Seluruh lantai paviliun retak hebat. Gelombang kejut gravitasi membuat semua pengawal jatuh berlutut, tak mampu menahan berat tubuh mereka sendiri seolah-olah dipaksa oleh beban gunung. Inilah kekuatan yang ia pelajari di Jawa—kekuatan untuk menundukkan tanpa harus membantai.
Lin Feng berjalan perlahan melewati para pengawal yang tak berdaya menuju Wei Zhong. Sang kasim agung itu kini tersudut di singgasananya, wajahnya pucat pasi.
"Kau... kau menggunakan ilmu hitam dari selatan!" teriak Wei Zhong histeris.
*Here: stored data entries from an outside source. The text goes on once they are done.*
lemma hensel_coeffs:
  fixes P :: "'a::field fls poly" and \<tau> :: "'a fls" and K :: "'a set"
  assumes K: "is_subfield K" and cP: "\<forall>j. coeff P j \<in> laurent_over K"
    and root: "poly P \<tau> = 0" and sep: "poly (pderiv P) \<tau> \<noteq> 0"
  shows "\<exists>N. \<forall>i. \<tau> $$ i \<in> gen_field (K \<union> (\<lambda>j. \<tau> $$ j) ` {fls_subdegree \<tau>..<N})"
proof -
  obtain C where C: "\<And>N. vanishes_below (N + C) (diff_quot P (fls_trunc \<tau> N) \<tau> - diff_quot P \<tau> \<tau>)"
      "\<And>N. vanishes_below (N + C) (diff_quot P (fls_trunc \<tau> N) (fls_trunc \<tau> N) - diff_quot P \<tau> \<tau>)"
    using diff_quot_trunc_approx by blast
  define G0 where "G0 = diff_quot P \<tau> \<tau>"
  define e where "e = fls_subdegree G0"
  define lam where "lam = G0 $$ e"
  have lamnz: "lam \<noteq> 0" using sep by (simp add: lam_def e_def G0_def diff_quot_diag)
  define N0 where "N0 = e - C + 1"
  define \<Omega> where "\<Omega> = gen_field (K \<union> (\<lambda>j. \<tau> $$ j) ` {fls_subdegree \<tau>..<N0})"
  have Om: "is_subfield \<Omega>" unfolding \<Omega>_def by (rule gen_field_subfield)
  have sup: "K \<union> (\<lambda>j. \<tau> $$ j) ` {fls_subdegree \<tau>..<N0} \<subseteq> \<Omega>"
    unfolding \<Omega>_def by (rule gen_field_superset)
  have cPO: "\<forall>j. coeff P j \<in> laurent_over \<Omega>" using cP laurent_over_mono[of K \<Omega>] sup by blast
  have low: "\<tau> $$ k \<in> \<Omega>" if "k < N0" for k
    using that sup subfieldD(1)[OF Om] by (cases "k < fls_subdegree \<tau>") auto
  have stable: "H $$ e = lam" "vanishes_below e H"
    if "N \<ge> N0" "vanishes_below (N + C) (H - G0)" for N H
  proof -
    have "vanishes_below (e + 1) (H - G0)"
      using that(2) by (rule vanishes_below_mono) (use that(1) in \<open>simp add: N0_def\<close>)
    then show "H $$ e = lam" "vanishes_below e H"
      using leading_coeff_stable vanishes_below_subdegree[of G0] unfolding lam_def e_def by auto
  qed
  have lamO: "lam \<in> \<Omega>"
  proof -
    have "fls_trunc \<tau> N0 \<in> laurent_over \<Omega>"
      by (rule fls_trunc_laurent_over) (use low subfieldD(1)[OF Om] in auto)
    then have "diff_quot P (fls_trunc \<tau> N0) (fls_trunc \<tau> N0) \<in> laurent_over \<Omega>"
      by (intro diff_quot_in[OF laurent_over_subfield[OF Om] cPO])
    then show ?thesis using stable(1)[OF order_refl C(2)[folded G0_def]] laurent_overD by metis
  qed
  have "\<tau> $$ i \<in> \<Omega>" for i
  proof (rule int_strong_induct_from[of N0])
    show "\<tau> $$ k \<in> \<Omega>" if "k < N0" for k using low that .
    fix i assume i: "N0 \<le> i" and below: "\<And>k. k < i \<Longrightarrow> \<tau> $$ k \<in> \<Omega>"
    note approx = C(1)[of i, folded G0_def]
    show "\<tau> $$ i \<in> \<Omega>"
      using hensel_next_coeff[OF Om cPO root below stable(2)[OF i approx]
          stable(1)[OF i approx] lamO lamnz] .
  qed
  then show ?thesis unfolding \<Omega>_def by blast
qed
"Ini bukan ilmu hitam, Wei Zhong. Ini adalah kekuatan dari tanah yang tidak bisa kau beli dengan emas," ucap Lin Feng dingin. "Surat di tanganmu itu adalah tiket menuju liang lahatmu sendiri."
Tepat saat itu, serombongan pasukan berpakaian kuning keemasan—Pengawal Pribadi Kaisar—masuk ke ruangan dipimpin oleh seorang Jenderal Tua yang jujur. Rupanya, Lin Feng telah lebih dulu mengirimkan bukti-bukti suap Ra Tanca kepada sang Jenderal sebelum ia masuk ke sana.
"Kasim Wei Zhong!" gertak sang Jenderal. "Atas perintah Kaisar, kau ditahan atas tuduhan pengkhianatan dan manipulasi hubungan antarnegara!"
Wei Zhong terduduk lemas. Kekuasaan yang ia bangun selama puluhan tahun runtuh hanya dalam satu malam oleh seorang pemuda yang ia anggap remeh.
Lin Feng menyarungkan kembali Pedang Naga Bumi. Ia menatap ke luar jendela, ke arah langit malam. Di sana, ia seolah melihat senyum Ki Ageng Bang Wetan dan tawa Joko di kejauhan. Tugasnya telah usai. Keadilan telah kembali pada tempatnya, baik di tanah Jawa maupun di tanah leluhurnya.